• [RECORD EXTRACTS]:
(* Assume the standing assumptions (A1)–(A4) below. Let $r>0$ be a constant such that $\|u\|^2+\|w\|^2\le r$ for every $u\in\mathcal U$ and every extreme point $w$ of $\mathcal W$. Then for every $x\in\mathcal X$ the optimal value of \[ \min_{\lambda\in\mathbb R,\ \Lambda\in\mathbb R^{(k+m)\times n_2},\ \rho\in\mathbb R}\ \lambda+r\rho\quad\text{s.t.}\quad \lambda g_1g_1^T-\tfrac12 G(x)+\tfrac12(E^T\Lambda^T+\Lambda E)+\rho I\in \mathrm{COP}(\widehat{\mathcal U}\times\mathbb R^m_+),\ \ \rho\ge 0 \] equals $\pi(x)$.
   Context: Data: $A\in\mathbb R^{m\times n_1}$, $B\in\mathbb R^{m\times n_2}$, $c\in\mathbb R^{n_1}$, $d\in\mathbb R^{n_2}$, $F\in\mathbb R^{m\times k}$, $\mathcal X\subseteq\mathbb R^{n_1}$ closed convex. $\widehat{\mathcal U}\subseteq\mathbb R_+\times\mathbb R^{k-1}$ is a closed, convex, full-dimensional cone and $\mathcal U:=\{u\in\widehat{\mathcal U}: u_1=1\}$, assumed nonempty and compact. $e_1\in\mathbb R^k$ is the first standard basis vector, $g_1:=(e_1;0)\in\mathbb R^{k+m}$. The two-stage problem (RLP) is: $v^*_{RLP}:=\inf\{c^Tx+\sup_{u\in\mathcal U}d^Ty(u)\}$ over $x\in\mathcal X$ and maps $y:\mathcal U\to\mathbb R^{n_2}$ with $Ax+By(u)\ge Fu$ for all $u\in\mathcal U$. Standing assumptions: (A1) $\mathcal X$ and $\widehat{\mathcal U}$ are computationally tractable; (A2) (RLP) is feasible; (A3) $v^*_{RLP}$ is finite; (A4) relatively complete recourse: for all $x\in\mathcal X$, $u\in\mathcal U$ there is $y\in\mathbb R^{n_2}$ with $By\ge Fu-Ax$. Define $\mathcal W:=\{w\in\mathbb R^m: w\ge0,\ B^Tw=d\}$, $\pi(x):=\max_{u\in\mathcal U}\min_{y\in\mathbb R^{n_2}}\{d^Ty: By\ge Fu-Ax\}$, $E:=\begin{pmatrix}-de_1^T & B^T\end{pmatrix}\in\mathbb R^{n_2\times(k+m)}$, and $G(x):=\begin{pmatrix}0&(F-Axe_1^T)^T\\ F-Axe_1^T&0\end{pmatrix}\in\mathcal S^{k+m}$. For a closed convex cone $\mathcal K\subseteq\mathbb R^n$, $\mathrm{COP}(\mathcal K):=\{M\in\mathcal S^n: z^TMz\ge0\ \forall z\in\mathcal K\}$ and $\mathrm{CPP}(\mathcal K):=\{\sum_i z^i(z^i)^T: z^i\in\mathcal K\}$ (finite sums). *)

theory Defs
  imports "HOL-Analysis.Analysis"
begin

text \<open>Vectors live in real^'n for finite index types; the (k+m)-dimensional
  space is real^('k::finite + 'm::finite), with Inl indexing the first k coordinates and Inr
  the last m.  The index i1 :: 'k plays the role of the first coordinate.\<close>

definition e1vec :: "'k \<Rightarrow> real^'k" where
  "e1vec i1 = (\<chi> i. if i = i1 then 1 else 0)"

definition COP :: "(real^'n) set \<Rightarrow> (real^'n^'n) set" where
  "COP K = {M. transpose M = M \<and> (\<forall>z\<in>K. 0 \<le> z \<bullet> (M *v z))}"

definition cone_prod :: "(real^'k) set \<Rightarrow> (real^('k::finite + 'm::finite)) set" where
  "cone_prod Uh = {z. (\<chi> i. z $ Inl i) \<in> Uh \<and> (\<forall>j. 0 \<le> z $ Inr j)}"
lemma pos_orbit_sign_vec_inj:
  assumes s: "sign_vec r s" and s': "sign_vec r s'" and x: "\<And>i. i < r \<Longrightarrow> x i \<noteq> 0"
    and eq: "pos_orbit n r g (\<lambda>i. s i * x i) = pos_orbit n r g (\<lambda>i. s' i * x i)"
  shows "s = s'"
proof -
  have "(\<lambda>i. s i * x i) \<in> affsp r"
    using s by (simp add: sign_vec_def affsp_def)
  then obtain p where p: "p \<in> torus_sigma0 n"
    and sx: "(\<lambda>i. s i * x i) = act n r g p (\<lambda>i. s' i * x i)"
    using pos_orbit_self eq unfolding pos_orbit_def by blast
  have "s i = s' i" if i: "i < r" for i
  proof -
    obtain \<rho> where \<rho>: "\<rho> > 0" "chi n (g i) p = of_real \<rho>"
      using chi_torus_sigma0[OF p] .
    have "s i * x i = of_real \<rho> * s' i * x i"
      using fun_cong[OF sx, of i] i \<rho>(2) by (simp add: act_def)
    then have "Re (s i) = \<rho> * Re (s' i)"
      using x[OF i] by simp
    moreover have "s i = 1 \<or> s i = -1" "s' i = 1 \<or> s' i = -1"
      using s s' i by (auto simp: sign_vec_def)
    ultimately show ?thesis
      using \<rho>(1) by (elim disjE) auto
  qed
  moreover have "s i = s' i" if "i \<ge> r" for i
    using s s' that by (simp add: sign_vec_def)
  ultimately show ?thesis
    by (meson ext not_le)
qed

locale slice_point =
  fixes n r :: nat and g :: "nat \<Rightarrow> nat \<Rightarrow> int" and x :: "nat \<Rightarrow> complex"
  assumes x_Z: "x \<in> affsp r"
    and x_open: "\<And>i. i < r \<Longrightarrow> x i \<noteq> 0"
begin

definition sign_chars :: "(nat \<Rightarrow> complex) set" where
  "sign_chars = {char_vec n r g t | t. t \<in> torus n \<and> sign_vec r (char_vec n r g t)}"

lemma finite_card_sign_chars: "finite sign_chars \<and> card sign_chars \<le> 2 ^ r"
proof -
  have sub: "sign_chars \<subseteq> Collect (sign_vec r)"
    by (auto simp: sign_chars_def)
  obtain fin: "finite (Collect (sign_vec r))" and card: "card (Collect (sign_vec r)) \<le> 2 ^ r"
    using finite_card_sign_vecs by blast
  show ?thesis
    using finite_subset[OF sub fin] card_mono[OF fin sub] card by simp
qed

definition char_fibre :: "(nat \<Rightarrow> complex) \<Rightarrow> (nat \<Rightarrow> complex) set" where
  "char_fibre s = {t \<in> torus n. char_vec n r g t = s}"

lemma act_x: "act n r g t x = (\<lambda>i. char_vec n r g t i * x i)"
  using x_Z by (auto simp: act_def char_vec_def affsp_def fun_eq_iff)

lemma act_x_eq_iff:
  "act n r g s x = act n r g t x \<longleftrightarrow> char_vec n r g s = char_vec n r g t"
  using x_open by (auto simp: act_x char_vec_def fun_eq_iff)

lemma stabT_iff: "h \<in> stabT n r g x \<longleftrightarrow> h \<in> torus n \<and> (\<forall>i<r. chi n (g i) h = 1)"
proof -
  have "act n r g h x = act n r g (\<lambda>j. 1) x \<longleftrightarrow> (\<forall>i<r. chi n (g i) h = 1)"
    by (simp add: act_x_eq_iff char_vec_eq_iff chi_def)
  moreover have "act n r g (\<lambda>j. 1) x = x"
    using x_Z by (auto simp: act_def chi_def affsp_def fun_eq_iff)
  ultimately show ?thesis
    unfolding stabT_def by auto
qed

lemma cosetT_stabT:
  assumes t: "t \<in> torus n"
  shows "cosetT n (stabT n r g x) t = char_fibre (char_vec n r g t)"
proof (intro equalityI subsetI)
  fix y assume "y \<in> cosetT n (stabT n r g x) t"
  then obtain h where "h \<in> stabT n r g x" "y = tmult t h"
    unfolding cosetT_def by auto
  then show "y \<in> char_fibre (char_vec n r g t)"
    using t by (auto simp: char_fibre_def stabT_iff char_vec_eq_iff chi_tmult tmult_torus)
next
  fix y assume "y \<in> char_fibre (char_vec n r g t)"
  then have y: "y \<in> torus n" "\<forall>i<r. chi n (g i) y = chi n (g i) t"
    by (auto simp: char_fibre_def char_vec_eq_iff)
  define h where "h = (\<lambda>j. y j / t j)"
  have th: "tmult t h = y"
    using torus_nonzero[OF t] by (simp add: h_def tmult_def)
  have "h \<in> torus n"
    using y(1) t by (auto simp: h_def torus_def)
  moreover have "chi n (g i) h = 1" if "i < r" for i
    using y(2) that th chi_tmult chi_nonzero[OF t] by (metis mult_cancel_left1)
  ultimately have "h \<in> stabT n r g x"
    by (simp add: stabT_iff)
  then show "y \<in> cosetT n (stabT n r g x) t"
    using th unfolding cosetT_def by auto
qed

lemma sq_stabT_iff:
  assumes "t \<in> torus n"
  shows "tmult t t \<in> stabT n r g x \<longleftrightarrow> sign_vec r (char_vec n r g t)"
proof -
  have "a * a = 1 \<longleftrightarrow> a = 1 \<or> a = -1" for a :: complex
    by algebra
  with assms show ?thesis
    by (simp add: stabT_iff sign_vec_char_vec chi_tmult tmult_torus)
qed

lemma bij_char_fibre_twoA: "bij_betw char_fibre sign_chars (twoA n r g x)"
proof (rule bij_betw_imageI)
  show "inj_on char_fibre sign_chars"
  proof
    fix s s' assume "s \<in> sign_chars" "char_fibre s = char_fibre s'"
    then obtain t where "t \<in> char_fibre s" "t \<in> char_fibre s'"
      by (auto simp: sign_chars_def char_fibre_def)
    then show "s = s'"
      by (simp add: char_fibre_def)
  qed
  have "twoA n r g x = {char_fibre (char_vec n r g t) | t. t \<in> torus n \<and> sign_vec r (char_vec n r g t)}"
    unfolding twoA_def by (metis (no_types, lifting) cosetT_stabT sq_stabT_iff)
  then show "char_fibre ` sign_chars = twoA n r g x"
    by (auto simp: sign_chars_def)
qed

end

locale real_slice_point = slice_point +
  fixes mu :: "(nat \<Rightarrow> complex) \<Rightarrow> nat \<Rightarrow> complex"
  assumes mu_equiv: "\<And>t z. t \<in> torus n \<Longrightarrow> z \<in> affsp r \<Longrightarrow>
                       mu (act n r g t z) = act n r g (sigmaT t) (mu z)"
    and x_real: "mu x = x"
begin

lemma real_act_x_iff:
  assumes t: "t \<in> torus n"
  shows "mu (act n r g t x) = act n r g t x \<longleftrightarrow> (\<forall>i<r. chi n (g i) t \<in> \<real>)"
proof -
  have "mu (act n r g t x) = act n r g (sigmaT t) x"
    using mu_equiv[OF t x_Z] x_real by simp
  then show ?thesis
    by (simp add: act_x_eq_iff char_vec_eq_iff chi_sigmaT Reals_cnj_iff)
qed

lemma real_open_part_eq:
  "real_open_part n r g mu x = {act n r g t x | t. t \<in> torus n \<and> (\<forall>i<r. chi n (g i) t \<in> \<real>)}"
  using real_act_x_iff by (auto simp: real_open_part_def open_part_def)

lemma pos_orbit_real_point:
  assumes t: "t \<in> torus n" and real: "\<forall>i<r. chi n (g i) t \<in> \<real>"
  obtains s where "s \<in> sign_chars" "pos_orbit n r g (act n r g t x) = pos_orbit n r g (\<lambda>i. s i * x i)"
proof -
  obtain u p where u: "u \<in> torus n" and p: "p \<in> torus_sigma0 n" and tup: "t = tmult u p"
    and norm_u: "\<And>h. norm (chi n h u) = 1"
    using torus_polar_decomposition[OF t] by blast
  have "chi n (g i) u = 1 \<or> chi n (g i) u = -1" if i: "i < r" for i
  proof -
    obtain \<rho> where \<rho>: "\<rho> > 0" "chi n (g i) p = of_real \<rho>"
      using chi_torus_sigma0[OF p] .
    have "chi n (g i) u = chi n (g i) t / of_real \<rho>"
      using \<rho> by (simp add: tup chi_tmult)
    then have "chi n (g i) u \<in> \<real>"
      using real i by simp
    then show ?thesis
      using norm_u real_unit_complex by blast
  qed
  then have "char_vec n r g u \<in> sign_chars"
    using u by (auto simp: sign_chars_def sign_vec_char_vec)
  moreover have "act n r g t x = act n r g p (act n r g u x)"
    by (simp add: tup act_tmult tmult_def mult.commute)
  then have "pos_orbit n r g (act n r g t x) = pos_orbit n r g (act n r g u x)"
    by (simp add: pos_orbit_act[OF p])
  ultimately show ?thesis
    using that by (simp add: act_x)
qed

• [WHAT IS REQUIRED]:
The line with "g t x = act" and all lines after it through the end of the data above: write these out exactly and add nothing.

• [YOUR RESPONSE]:
  moreover have "act n r g t x = act n r g p (act n r g u x)"
    by (simp add: tup act_tmult tmult_def mult.commute)
  then have "pos_orbit n r g (act n r g t x) = pos_orbit n r g (act n r g u x)"
    by (simp add: pos_orbit_act[OF p])
  ultimately show ?thesis
    using that by (simp add: act_x)
qed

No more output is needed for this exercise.